MY KINGDOM!: the HINES WARD of Blogs

17.8.04

..NOTHING WITTY TO SAY TODAY..

Unfortunately, the link was not working earlier. Please try this one.

http://www.post-gazette.com/pg/04230/362920.stm

Everyone please take a minute to check out this link.

Some of you Dickinsonians may have known Neil, he was class of '02. He lived in Morgan B-3 freshman year (Kup's floor.) Taylor, Kup and I all knew him pretty well (obviously, Taylor knew him the most). Taylor and I had Latin with him Freshman year, and he often let us copy his homework, because he was the one who was actually good at it.

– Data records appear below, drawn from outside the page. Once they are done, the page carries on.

lemma Roc_lemma_valid:
  assumes "sound_map TYPE('a) \<pi>" "reason \<pi> (CA v) (Rd b i) r"
  shows "array_valid TYPE('a) (FImp r (FEq (Rd b i) v))"
proof -
  have "wst (CA v)" "wst (Rd b i)" using sound_map_key[OF assms(1) reason_defined[OF assms(2)]] by simp_all
  moreover have "rd I (tval I (CA v)) (tval I i) = tval I v" if "array_interp I" for I :: "'a interp"
    using rd_ca[OF that] tval_in_dm_sort[OF array_interp_is_interp[OF that]] calculation by simp
  ultimately show ?thesis
    using reason_wf[OF assms(2,1)] reason_read_eq[OF assms(2,1)] by (auto simp: array_valid_def)
qed

lemma CongC_lemma_valid:
  assumes \<pi>: "sound_map TYPE('a) \<pi>"
    and K: "updidx \<pi> a (CA v) K1" "updidx \<pi> a (CA w) K2" "set ks = K1 \<union> K2"
      "\<forall>k\<in>set ks. (x, SIdx) \<notin> tvars k"
    and r: "reason \<pi> a (CA v) r1" "reason \<pi> a (CA w) r2"
  shows "array_valid TYPE('a)
    (FImp (FAnd r1 (FAnd r2 (FEx x SIdx (conjs (map (\<lambda>k. FNot (FEq (Var x SIdx) k)) ks))))) (FEq v w))"
proof -
  have "tval I v = tval I w"
    if I: "array_interp I" "holds I r1" "holds I r2"
      and d: "d \<in> dm I SIdx" "\<forall>k\<in>set ks. d \<noteq> eval I ((dval I)((x, SIdx) := d)) k"
    for I :: "'a interp" and d
  proof -
    have "eval I ((dval I)((x, SIdx) := d)) k = tval I k" if "k \<in> set ks" for k
      unfolding tval_def by (rule eval_cong) (use K(4) that in auto)
    then have "\<forall>k\<in>K1 \<union> K2. d \<noteq> tval I k" using d(2) K(3) by auto
    then show ?thesis
      using reason_read_const[OF K(1) r(1) \<pi> I(1,2) d(1)] reason_read_const[OF K(2) r(2) \<pi> I(1,3) d(1)]
      by simp
  qed
  moreover have "\<forall>k\<in>set ks. wst k \<and> sort_of k = SIdx"
    using updidx_indices[OF K(1) \<pi>] updidx_indices[OF K(2) \<pi>] K(3) by auto
  ultimately show ?thesis
    using reason_wf[OF r(1) \<pi>] reason_wf[OF r(2) \<pi>]
      sound_map_key(3)[OF \<pi> reason_defined[OF r(1)]] sound_map_key(3)[OF \<pi> reason_defined[OF r(2)]]
    by (auto simp: array_valid_def holds_dval tval_def sat_conjs intro!: wf_conjs)
qed

lemma DisEq_lemma_satisfiable:
  fixes I :: "'a interp"
  assumes I: "array_interp I" "\<forall>q\<in>A. holds I q"
    and ac: "a \<in> T A" "c \<in> T A" "wst a" "sort_of a = SArr" "wst c" "sort_of c = SArr"
    and fresh: "Cst (Kc a c) SIdx \<notin> T A"
  obtains I' :: "'a interp" where "array_interp I'" "\<forall>q\<in>A. holds I' q"
    "holds I' (FImp (FNot (FEq a c)) (FNot (FEq (Rd a (Cst (Kc a c) SIdx)) (Rd c (Cst (Kc a c) SIdx)))))"
proof -
  obtain d where d: "d \<in> dm I SIdx" "tval I a \<noteq> tval I c \<Longrightarrow> rd I (tval I a) d \<noteq> rd I (tval I c) d"
  proof (cases "tval I a = tval I c")
    case True
    then show ?thesis using that dflt_in_dm[OF array_interp_is_interp[OF I(1)]] by blast
  next
    case False
    then show ?thesis using that array_ext[OF I(1) ac(3-6)] by metis
  qed
  define I' where "I' = upd_cst I (Kc a c) SIdx d"
  have "Cst (Kc a c) SIdx \<notin> subt a" "Cst (Kc a c) SIdx \<notin> subt c"
    using subt_T[OF ac(1)] subt_T[OF ac(2)] fresh by auto
  then have "tval I' a = tval I a" "tval I' c = tval I c"
    unfolding I'_def by (simp_all add: tval_upd_cst)
  then have "holds I' (FImp (FNot (FEq a c)) (FNot (FEq (Rd a (Cst (Kc a c) SIdx)) (Rd c (Cst (Kc a c) SIdx)))))"
    using d(2) by (simp add: I'_def)
  then show ?thesis using that fresh_cst_model[OF I fresh d(1)] unfolding I'_def by blast
qed

definition sound_cfg :: "'a itself \<Rightarrow> 'u cfg \<Rightarrow> bool" where
  "sound_cfg X cf \<longleftrightarrow> (case cf of
     Unsat \<Rightarrow> False
   | Cfg A _ \<pi> \<Rightarrow> (\<forall>p\<in>A. wf_fm p) \<and> array_satisfiable X A \<and> sound_map X \<pi>)"

lemma sound_cfg_simps:
  "\<not> sound_cfg X Unsat"
  "sound_cfg X (Cfg A J \<pi>) \<longleftrightarrow> (\<forall>p\<in>A. wf_fm p) \<and> array_satisfiable X A \<and> sound_map X \<pi>"
  by (simp_all add: sound_cfg_def)

lemma sound_cfg_extend:
  "sound_cfg X (Cfg A J \<pi>) \<Longrightarrow> sound_entry X a t r c \<Longrightarrow> sound_cfg X (Cfg A J' (\<pi>((a, t) := Some (r, c))))"
  by (simp add: sound_cfg_simps sound_map_upd)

Often, when something like this happens to someone, people come out of the woodwork and talk about how incredible he was, and how sweet and whatever. I'm not going to pretend that I knew Neil really, really well, because I only had a few classes with him, and barely hung out with him after Freshman year. However, I can honestly say that he was one of the all-around nicest, most responsible, just GREAT guys I've ever had the priviledge to know.

I talked yesterday about how I love my school, and it was guys like Neil that made it so. There's a collection of people I knew there that I don't keep in touch with, but sometimes miss the most. These are just acquaintences, not my fraternity brothers or baseball teammates, who in their own way were just as important. They were people that filled out all the gaps, and always had something nice to say when you saw them. They were the people that were always fun to be around, and always made you feel good. They were the people that helped make Dickinson a living, breathing place. They're the people that you miss without even realizing it.

Neil was one of those guys. Kup reminded me last night about how, Freshman year, he went to the gun show with him and Scottie, and I remembered him setting up the targets for the blowgun. I remembered him playing "Survival of the Fittest" with the goldfish, and I remembered him always going out of his way to invite me to a ROTC party. He gave me a ride back to school after Thanksgiving Freshman year, and we had a lot of fun on the trip. I'm starting to ramble, and I'm sorry, but it's really weird to become one of those "people who knows someone who died in a war," which, three years ago, I never thought I'd be. And it's hard knowing that such a fantastic kid was taken from his family, and he did it for me and for you.

So in your prayers or private thoughts or whatever today, please take a second and throw one out to Neil and his family (he left a wife behind), he deserves it.

Because as Kup said, "that kid was all heart."